К горлу подступили слезы, и Нэлл быстро сглотнула, опасаясь, что голос выдаст ее.
– И я тебя.
Полтора часа спустя, когда Нэлл все-таки закончила и отправила послание Мэри Митчелл, во входящих оказалось еще одно письмо. Несколько секунд Нэлл смотрела на него с замирающим сердцем и не понимала ни слова, а потом у нее затряслись руки. Письмо было от Элис Сэджворт.
Оно было тяжелым – полноразмерное видео, снятое, судя по всему, цилиндрической камерой, из тех, что дают полный эффект присутствия. Нэлл включила его с третьей попытки. Ее желудок трепыхался, как раненый воробей.
– Мама!
Она вздрогнула от этого слова.
– Меня задрало слушать постоянное вранье в новостях. Сначала про вас рассказывали, что вы нашли чужой портал и что вас не сегодня-завтра унесет в другую галактику. Потом на вас напал какой-то монстр с Ио. Потом вы все умерли от неведомой заразы. Теперь оказывается, что вы живы-здоровы, но половина экипажа покончила с собой...
Нэлл жадно смотрела на дочь, узнавая и не узнавая ее. Дочерна загорелое лицо, крутые плечи пловчихи, на правом предплечье – длинный розовый шрам. Но взгляд – ясный, решительный, жесткий. Не взбалмошная девочка-подросток, сбежавшая из дома, а молодая женщина, спокойная и сильная.
– Я не знаю, что они курят, эти ньюсмейкеры, но мозги у них явно протухли. Ну и хрен бы с ними со всеми, но. Я пишу Бейкеру, твоему боссу, но старый хорек только отшучивается. На сайте Агентства типа профилактические работы. Они нас за идиотов держат? Я хочу знать правду! Расскажи мне, что с тобой и что у вас там происходит. Только не ври мне. Пожалуйста.

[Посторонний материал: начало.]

lemma tendsto_suminf_tail:
  fixes f :: "nat \<Rightarrow> real"
  assumes "summable f"
  shows "(\<lambda>m. \<Sum>j. f (j + m)) \<longlonglongrightarrow> 0"
  using tendsto_diff[OF tendsto_const[of "suminf f"] summable_LIMSEQ[OF assms]]
  by (simp add: suminf_minus_initial_segment[OF assms])

lemma summable_imp_weighted_subseq_tendsto_0:
  fixes a :: "nat \<Rightarrow> real"
  assumes a: "summable a" and a_nonneg: "\<And>k. 0 \<le> a k"
  obtains M where "filterlim M at_top sequentially" and "(\<lambda>n. real (M n) * a (M n)) \<longlonglongrightarrow> 0"
proof -
  have "\<exists>N\<ge>n. real N * a N < inverse (real (Suc n))" for n
  proof (rule ccontr)
    define \<epsilon> where "\<epsilon> = inverse (real (Suc n))"
    assume "\<not> ?thesis"
    then have "\<epsilon> \<le> real N * a N" if "N \<ge> n" for N using that by (auto simp: \<epsilon>_def not_less)
    moreover have "\<epsilon> > 0" by (simp add: \<epsilon>_def)
    ultimately have "norm (\<epsilon> * inverse (real N)) \<le> a N" if "N \<ge> n" for N
      using that a_nonneg[of N]
      by (cases "N = 0") (simp_all add: divide_inverse[symmetric] pos_divide_le_eq mult.commute)
    then have "summable (\<lambda>N. \<epsilon> * inverse (real N))"
      by (intro summable_comparison_test'[OF a]) auto
    then show False using not_summable_harmonic[where 'a=real] by (simp add: \<epsilon>_def)
  qed
  then obtain M where M: "\<And>n. n \<le> M n" "\<And>n. real (M n) * a (M n) < inverse (real (Suc n))"
    by metis
  have "filterlim M at_top sequentially"
    by (rule filterlim_at_top_mono[OF filterlim_ident]) (simp add: M)
  moreover have "(\<lambda>n. real (M n) * a (M n)) \<longlonglongrightarrow> 0"
  proof (rule real_tendsto_sandwich[OF _ _ tendsto_const LIMSEQ_inverse_real_of_nat])
    show "\<forall>\<^sub>F n in sequentially. 0 \<le> real (M n) * a (M n)" by (simp add: a_nonneg)
    show "\<forall>\<^sub>F n in sequentially. real (M n) * a (M n) \<le> inverse (real (Suc n))"
      using M(2) less_imp_le by (intro always_eventually) blast
  qed
  ultimately show ?thesis using that by blast
qed

lemma l2_norm_truncate_at_tendsto_0:
  assumes x: "x \<in> l2" and M: "filterlim M at_top sequentially"
    and weighted: "(\<lambda>n. real (M n) * (cmod (x (M n)))\<^sup>2) \<longlonglongrightarrow> 0"
  shows "(\<lambda>n. l2_norm (truncate_at x (M n) - x)) \<longlonglongrightarrow> 0"
proof -
  have "(\<lambda>m. \<Sum>j. (cmod (x (j + m)))\<^sup>2) \<longlonglongrightarrow> 0"
    using x by (intro tendsto_suminf_tail) (simp add: l2_def)
  then have "(\<lambda>n. (l2_norm (truncate_at x (M n) - x))\<^sup>2) \<longlonglongrightarrow> 0"
    using tendsto_add[OF weighted filterlim_compose[OF _ M]]
    by (simp add: l2_norm_truncate_at_squared[OF x])
  then have "(\<lambda>n. sqrt ((l2_norm (truncate_at x (M n) - x))\<^sup>2)) \<longlonglongrightarrow> 0"
    using tendsto_real_sqrt by fastforce
  then show ?thesis by (simp add: l2_norm_def tendsto_rabs_zero_iff)
qed

lemma graph_closure_T_opI:
  assumes e: "(\<lambda>k. d k - dprev d k) \<in> l2" and g: "g \<in> l2" and Sg: "closure_seq d g \<in> l2"
  shows "(g, closure_seq d g) \<in> graph_closure fin_supp (T_op \<alpha> d)"
proof -
  have "summable (\<lambda>k. (cmod (g k))\<^sup>2 + (cmod (closure_seq d g k))\<^sup>2)"
    using g Sg unfolding l2_def mem_Collect_eq by (rule summable_add)
  then obtain M where M: "filterlim M at_top sequentially"
    and weighted: "(\<lambda>n. real (M n) * ((cmod (g (M n)))\<^sup>2 + (cmod (closure_seq d g (M n)))\<^sup>2)) \<longlonglongrightarrow> 0"
    by (rule summable_imp_weighted_subseq_tendsto_0) simp
  have "(\<lambda>n. real (M n) * (cmod (x (M n)))\<^sup>2) \<longlonglongrightarrow> 0"
    if "\<And>k. (cmod (x k))\<^sup>2 \<le> (cmod (g k))\<^sup>2 + (cmod (closure_seq d g k))\<^sup>2" for x
  proof (rule Lim_null_comparison[OF always_eventually weighted], rule allI)
    fix n
    show "norm (real (M n) * (cmod (x (M n)))\<^sup>2)
        \<le> real (M n) * ((cmod (g (M n)))\<^sup>2 + (cmod (closure_seq d g (M n)))\<^sup>2)"
      using mult_left_mono[OF that, of "real (M n)"] by simp
  qed
  then have "(\<lambda>n. l2_norm (truncate_at g (M n) - g)) \<longlonglongrightarrow> 0"
    and "(\<lambda>n. l2_norm (T_op \<alpha> d (truncate_at g (M n)) - closure_seq d g)) \<longlonglongrightarrow> 0"
    unfolding T_op_truncate_at[OF e g]
    by (intro l2_norm_truncate_at_tendsto_0[OF g M] l2_norm_truncate_at_tendsto_0[OF Sg M]; simp)+
  then have "\<exists>f. (\<forall>n. f n \<in> fin_supp) \<and> (\<lambda>n. l2_norm (f n - g)) \<longlonglongrightarrow> 0
      \<and> (\<lambda>n. l2_norm (T_op \<alpha> d (f n) - closure_seq d g)) \<longlonglongrightarrow> 0"
    by (intro exI[of _ "\<lambda>n. truncate_at g (M n)"]) (simp add: truncate_at_in_fin_supp)
  then show ?thesis unfolding graph_closure_def using g Sg by simp
qed

lemma closable_T_op:
  assumes "(\<lambda>k. d k - dprev d k) \<in> l2"
  shows "closable fin_supp (T_op \<alpha> d)"
  unfolding closable_def using graph_closure_T_op_imp_eq[OF assms] by blast

lemma closure_dom_T_op_iff:
  assumes e: "(\<lambda>k. d k - dprev d k) \<in> l2" and g: "g \<in> l2"
  shows "g \<in> closure_dom fin_supp (T_op \<alpha> d) \<longleftrightarrow> closure_seq d g \<in> l2"
proof
  assume "g \<in> closure_dom fin_supp (T_op \<alpha> d)"
  then obtain h where "(g, h) \<in> graph_closure fin_supp (T_op \<alpha> d)"
    unfolding closure_dom_def by blast
  then show "closure_seq d g \<in> l2"
    using graph_closure_T_op_imp_eq[OF e] unfolding graph_closure_def by blast
qed (use graph_closure_T_opI[OF e g] in \<open>auto simp: closure_dom_def\<close>)

lemma closure_op_T_op:
  assumes e: "(\<lambda>k. d k - dprev d k) \<in> l2" and g: "g \<in> closure_dom fin_supp (T_op \<alpha> d)"
  shows "closure_op fin_supp (T_op \<alpha> d) g = closure_seq d g"
  unfolding closure_op_def
proof (rule the_equality)
  have "g \<in> l2" using g unfolding closure_dom_def graph_closure_def by blast
  then show "(g, closure_seq d g) \<in> graph_closure fin_supp (T_op \<alpha> d)"
    using g closure_dom_T_op_iff[OF e] graph_closure_T_opI[OF e] by blast
qed (rule graph_closure_T_op_imp_eq[OF e])

theorem theorem5:
  fixes \<alpha> :: real and d g :: "nat \<Rightarrow> complex"
  assumes "\<alpha> > -1" and "d \<in> Dtilde" and "g \<in> l2"
  shows "(g \<in> adj_dom fin_supp (T_op \<alpha> d) \<longleftrightarrow>
            summable (\<lambda>k. (cmod (g k * cnj (d k) + (cnj (d k) - cnj (dprev d k)) * (\<Sum>t<k. g t)))\<^sup>2))
       \<and> (g \<in> adj_dom fin_supp (T_op \<alpha> d) \<longrightarrow>
            adj fin_supp (T_op \<alpha> d) g
              = (\<lambda>k. g k * cnj (d k) + (cnj (d k) - cnj (dprev d k)) * (\<Sum>t<k. g t)))
       \<and> (\<forall>s::nat. (\<lambda>k. if k = s then 1 else 0) \<in> adj_dom fin_supp (T_op \<alpha> d) \<longleftrightarrow>
            (\<lambda>k. cnj (d k) - cnj (dprev d k)) \<in> l2)
       \<and> ((\<lambda>k. cnj (d k) - cnj (dprev d k)) \<in> l2 \<longrightarrow>
            closable fin_supp (T_op \<alpha> d)
            \<and> (g \<in> closure_dom fin_supp (T_op \<alpha> d) \<longleftrightarrow>
                 summable (\<lambda>s. (cmod (g s * d s + (\<Sum>k. (d (k + s + 1) - d (k + s)) * g (k + s + 1))))\<^sup>2))
            \<and> (g \<in> closure_dom fin_supp (T_op \<alpha> d) \<longrightarrow>
                 closure_op fin_supp (T_op \<alpha> d) g
                   = (\<lambda>s. g s * d s + (\<Sum>k. (d (k + s + 1) - d (k + s)) * g (k + s + 1)))))"
proof -
  have diff_l2_iff: "(\<lambda>k. cnj (d k) - cnj (dprev d k)) \<in> l2 \<longleftrightarrow> (\<lambda>k. d k - dprev d k) \<in> l2"
    using l2_cnj_iff[of "\<lambda>k. d k - dprev d k"] by simp
  have units: "(\<lambda>k. if k = s then 1 else 0) \<in> adj_dom fin_supp (T_op \<alpha> d)
      \<longleftrightarrow> (\<lambda>k. d k - dprev d k) \<in> l2" for s
    using adj_dom_T_op_iff[of "\<lambda>k. if k = s then 1 else 0"] adj_seq_unit_in_l2_iff
      unit_in_fin_supp fin_supp_subset_l2 by blast
  show ?thesis
    using adj_dom_T_op_iff[OF \<open>g \<in> l2\<close>] adj_T_op units closable_T_op
      closure_dom_T_op_iff[OF _ \<open>g \<in> l2\<close>] closure_op_T_op
    unfolding diff_l2_iff adj_seq_def[abs_def] closure_seq_def[abs_def] by (simp add: l2_def)
qed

Нэлл сморгнула слезы и запустила письмо еще раз, разглядывая дочь снова и снова. Линялая майка, короткие джинсовые шорты, стоптанные, все в пыли, кожаные сандалии. Выгоревшие на солнце волосы небрежно собраны в хвост. За спиной – густо-синее море, перевернутый конус опреснительной установки, пальмы, белый песок. Небо – пронзительно голубое, неправдоподобно яркое, как на рекламном постере.